I was reading the proof of the following Lemma:
If $E_1, E_2$ are two Lebesgue measurable sets then their union and intersection are also Lebesgue measurable.
The proof is as follows:
Denote by $m^*(E)$ the outer measure of a set $E$.
We are only going to prove the case of union of two sets, the case of intersection is proven similarly.
We know that a set $E$ is called measurable iff for every $A\subset \mathbb{R}$ it holds $$m^*(A)=m^*(A\cap E)+m^*(A\cap E^c)$$ where $E^c$ is the complement of $E$. In our case this relation holds for the sets $E_1$ and $E_2$.

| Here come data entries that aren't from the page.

definition is_minimizer :: "(nat \<Rightarrow> real) \<Rightarrow> bool" where
  "is_minimizer y \<longleftrightarrow>
     y \<in> feasible_set Dmax m \<and> (\<forall>z\<in>feasible_set Dmax m. objective y \<le> objective z)"

lemma feasible_bounds:
  assumes "y \<in> feasible_set Dmax m"
  shows "degree_sum Dmax y \<le> degree_sum Dmax m" "pair_sum Dmax y \<le> pair_sum Dmax m"
  using assms by (auto simp: feasible_set_def intro!: weighted_sum_mono)

lemma minimizer_saturates_higher_degree:
  assumes min: "is_minimizer y" and d: "d \<in> {1..Dmax}" and d': "d' \<in> {1..Dmax}"
    and "d < d'" and "0 < y d"
  shows "y d' = m d'"
proof (rule ccontr)
  assume "y d' \<noteq> m d'"
  have y: "y \<in> feasible_set Dmax m"
    using min by (simp add: is_minimizer_def)
  with d' have "y d' \<le> m d'"
    by (simp add: feasible_set_def)
  with \<open>y d' \<noteq> m d'\<close> have "y d' < m d'"
    by simp
  define e where "e = min (y d) (m d' - y d')"
  have e: "0 < e" "e \<le> y d" "e \<le> m d' - y d'"
    using \<open>y d' < m d'\<close> \<open>0 < y d\<close> by (auto simp: e_def)
  define z where "z = y(d := y d - e, d' := y d' + e)"
  have "d \<noteq> d'"
    using \<open>d < d'\<close> by simp
  have z: "z \<in> feasible_set Dmax m"
    using y d d' e \<open>d \<noteq> d'\<close> by (auto simp: feasible_set_def z_def dest!: bspec[of _ _ d])
  have shift: "weighted_sum Dmax w z = weighted_sum Dmax w y + e * (w d' - w d)" for w
    unfolding z_def using weighted_sum_shift[OF d d' \<open>d \<noteq> d'\<close>] .
  have "degree_sum Dmax y < degree_sum Dmax z"
    using shift[of real] e \<open>d < d'\<close> by simp
  moreover have "pair_sum Dmax y \<le> pair_sum Dmax z"
    using shift[of "\<lambda>d. real d * (real d - 1)"] e \<open>d < d'\<close> d by (simp add: mult_mono)
  ultimately have "G (degree_sum Dmax z) * Q (pair_sum Dmax z) < G (degree_sum Dmax y) * Q (pair_sum Dmax y)"
    using feasible_bounds[OF z] feasible_bounds[OF y]
    by (intro mult_less_le_imp_less G_strict_antimono Q_antimono G_nonneg Q_pos)
  then have "objective z < objective y"
    using shift[of "\<lambda>_. 1"] by (simp add: objective_def)
  with min z show False
    by (auto simp: is_minimizer_def)
qed

lemma minimizers_comparable:
  assumes "is_minimizer y" "is_minimizer y'"
  shows "(\<forall>d\<in>{1..Dmax}. y d \<le> y' d) \<or> (\<forall>d\<in>{1..Dmax}. y' d \<le> y d)"
proof (rule ccontr)
  assume "\<not> ?thesis"
  then obtain i j where ij: "i \<in> {1..Dmax}" "j \<in> {1..Dmax}" "y' i < y i" "y j < y' j"
    by (auto simp: not_le)
  have bounds: "0 \<le> y' i" "0 \<le> y j" "y i \<le> m i" "y' j \<le> m j"
    using assms ij(1,2) by (auto simp: is_minimizer_def feasible_set_def)
  have "i \<noteq> j"
    using ij by auto
  then consider "i < j" | "j < i"
    by (meson linorder_neqE_nat)
  then show False
  proof cases
    case 1
    then have "y j = m j"
      using minimizer_saturates_higher_degree[OF assms(1) ij(1,2)] ij bounds by simp
    with ij bounds show False by simp
  next
    case 2
    then have "y' i = m i"
      using minimizer_saturates_higher_degree[OF assms(2) ij(2,1)] ij bounds by simp
    with ij bounds show False by simp
  qed
qed

lemma objective_midpoint_strict:
  assumes y: "y \<in> feasible_set Dmax m" and y': "y' \<in> feasible_set Dmax m"
    and le: "\<forall>d\<in>{1..Dmax}. y d \<le> y' d" and i: "i \<in> {1..Dmax}" "y i < y' i"
  shows "objective (\<lambda>d. (y d + y' d) / 2) < (objective y + objective y') / 2"
proof -
  define z where "z d = (y d + y' d) / 2" for d
  have z: "z \<in> feasible_set Dmax m"
    using y y' by (fastforce simp: feasible_set_def z_def)
  have z_sums: "weighted_sum Dmax w z = (weighted_sum Dmax w y + weighted_sum Dmax w y') / 2" for w
    unfolding z_def by (rule weighted_sum_midpoint)
  define a where "a = degree_sum Dmax y"
  define a' where "a' = degree_sum Dmax y'"
  define b where "b = pair_sum Dmax y"
  define b' where "b' = pair_sum Dmax y'"
  note sums = a_def a'_def b_def b'_def
  have bounds: "a \<le> degree_sum Dmax m" "a' \<le> degree_sum Dmax m"
    "b \<le> pair_sum Dmax m" "b' \<le> pair_sum Dmax m"
    unfolding sums using feasible_bounds[OF y] feasible_bounds[OF y'] by auto
  have "a < a'"
    unfolding sums using le i by (intro weighted_sum_strict_mono) auto
  have "b \<le> b'"
    unfolding sums using le by (intro weighted_sum_mono) auto
  have G_z: "G (degree_sum Dmax z) < (G a + G a') / 2"
    unfolding z_sums sums[symmetric] using \<open>a < a'\<close> bounds by (intro G_midpoint_strict) auto
  have Q_z: "Q (pair_sum Dmax z) \<le> (Q b + Q b') / 2"
    unfolding z_sums sums[symmetric] using bounds by (intro Q_midpoint)
  have "G (degree_sum Dmax z) * Q (pair_sum Dmax z) \<le> G (degree_sum Dmax z) * ((Q b + Q b') / 2)"
    using Q_z G_nonneg[OF feasible_bounds(1)[OF z]] by (rule mult_left_mono)
  also have "\<dots> < ((G a + G a') / 2) * ((Q b + Q b') / 2)"
    using G_z Q_pos[OF bounds(3)] Q_pos[OF bounds(4)] by (intro mult_strict_right_mono) auto
  also have "\<dots> \<le> (G a * Q b + G a' * Q b') / 2"
    using G_strict_antimono[OF \<open>a < a'\<close> bounds(2)] Q_antimono[OF \<open>b \<le> b'\<close> bounds(4)]
    by (intro mean_mult_le_mean_of_mult) simp
  finally have "objective z < (objective y + objective y') / 2"
    using z_sums[of "\<lambda>_. 1"] by (simp add: objective_def sums algebra_simps add_divide_distrib)
  then show ?thesis
    unfolding z_def .
qed

lemma minimizer_eq_of_le:
  assumes min: "is_minimizer y" "is_minimizer y'" and le: "\<forall>d\<in>{1..Dmax}. y d \<le> y' d"
  shows "y = y'"
proof (rule ccontr)
  assume "y \<noteq> y'"
  have y: "y \<in> feasible_set Dmax m" and y': "y' \<in> feasible_set Dmax m"
    using min by (auto simp: is_minimizer_def)
  then obtain i where "i \<in> {1..Dmax}" "y i < y' i"
    using \<open>y \<noteq> y'\<close> le by (force simp: feasible_set_def order_le_less)
  then have "objective (\<lambda>d. (y d + y' d) / 2) < (objective y + objective y') / 2"
    using objective_midpoint_strict[OF y y' le] by blast
  moreover have "(\<lambda>d. (y d + y' d) / 2) \<in> feasible_set Dmax m"
    using y y' by (fastforce simp: feasible_set_def)
  ultimately show False
    using min by (fastforce simp: is_minimizer_def)
qed

lemma continuous_on_objective: "continuous_on A objective"
  unfolding objective_def
  by (intro continuous_intros continuous_on_weighted_sum
        continuous_on_compose2[OF G_continuous] continuous_on_compose2[OF Q_continuous]) auto

lemma minimizer_exists: "\<exists>y. is_minimizer y"
proof -
  have "(\<lambda>_. 0) \<in> feasible_set Dmax m"
    using m_nonneg by (simp add: feasible_set_def)
  then have "feasible_set Dmax m \<noteq> {}"
    by blast
  from continuous_attains_inf[OF compact_feasible_set this continuous_on_objective]
  show ?thesis
    by (auto simp: is_minimizer_def)
qed

lemma ex1_minimizer:
  "\<exists>!y. y \<in> feasible_set Dmax m \<and> (\<forall>z\<in>feasible_set Dmax m. objective y \<le> objective z)"
proof -
  obtain y where "is_minimizer y"
    using minimizer_exists by blast
  moreover have "y' = y" if "is_minimizer y'" for y'
    using minimizers_comparable[OF that \<open>is_minimizer y\<close>]
      minimizer_eq_of_le[OF that \<open>is_minimizer y\<close>] minimizer_eq_of_le[OF \<open>is_minimizer y\<close> that]
    by auto
  ultimately show ?thesis
    unfolding is_minimizer_def[symmetric] by blast
qed

end

locale protection_setting =
  fixes Dmax K :: nat and m :: "nat \<Rightarrow> real" and tau LP LU pP pU beta cP :: real
  assumes Dmax_pos: "1 \<le> Dmax" and m_pos: "\<forall>d\<in>{1..Dmax}. 0 < m d"
    and tau_pos: "0 < tau" and LP_nonneg: "0 \<le> LP" and LP_less_LU: "LP < LU"
    and pP_nonneg: "0 \<le> pP" and pP_less_pU: "pP < pU" and beta_pos: "0 < beta" and K_pos: "1 \<le> K"
begin

definition gamma_lin :: "real \<Rightarrow> real" where
  "gamma_lin a = beta * (pU * degree_sum Dmax m - (pU - pP) * a) / degree_sum Dmax m"

definition lambda_lin :: "real \<Rightarrow> real" where
  "lambda_lin b = beta * (pU * pair_sum Dmax m - (pU - pP) * b) / degree_sum Dmax m"

definition gamma_loss :: "real \<Rightarrow> real" where
  "gamma_loss a = tau * gamma_lin a * (LU * degree_sum Dmax m - (LU - LP) * a)"

definition cascade_factor :: "real \<Rightarrow> real" where
  "cascade_factor b = (\<Sum>k\<in>{1..K}. lambda_lin b ^ (k - 1))"

lemma degree_sum_pos: "0 < degree_sum Dmax m"
  unfolding weighted_sum_def using m_pos Dmax_pos by (intro sum_pos) auto

lemma pair_sum_nonneg: "0 \<le> pair_sum Dmax m"
  unfolding weighted_sum_def using m_pos by (intro sum_nonneg mult_nonneg_nonneg) (auto simp: less_imp_le)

Furthermore for every $A\subset \mathbb{R}$ $$A = (A\cap E) \cup (A\cap E^c)$$ and using the subadditivity of outer measure we have: $$m^*(A)\leq m^*(A\cap E)+m^*(A\cap E^c)$$
So to prove that a set is measurable we only need to prove the reverse inequality (because if they are both true then equality must hold): $$m^*(A)\geq m^*(A\cap E)+m^*(A\cap E^c)$$
Thus, in our case we want to show: $$m^*(A)\geq m^*(A\cap (E_1\cup E_2))+m^*(A\cap (E_1\cup E_2)^c)$$
We know that $E_1$ is measurable so $$m^*(A)= m^*(A\cap E_1)+m^*(A\cap E_1^c)$$
Now, this is where my trouble begins. The book states: As $E_2$ is also measurable it holds $$m^*(A\cap E_1^c)= m^*(A\cap E_1^c\cap E_2)+m^*(A\cap E_1^c\cap E_2^c)$$
I do not seem to understand where this last relation is coming from. The definition states that the first relation must hold for every subset of $\mathbb{R}$ on the left hand side, but the set $A\cap E_1^c$ is always a subset of $E_1^c$ and cannot thus run through all subsets of $\mathbb{R}$. What am I missing? The proof finishes by manipulating the last two relations and the subadditivity of outer measure.
I have searched on SE, but couldn't find any similar questions or methods of proof. It would mean the world if somebody could give me a little insight. Thanks in advance!
Best Answer
You have already stated that $E_2$ is measurable iff for every $B\subset\mathbb{R}$
$m^*(B)=m^*(B\cap E_2)+m^*(B\cap E_2^c)$.
Set $B:=A\cap E_1^C$.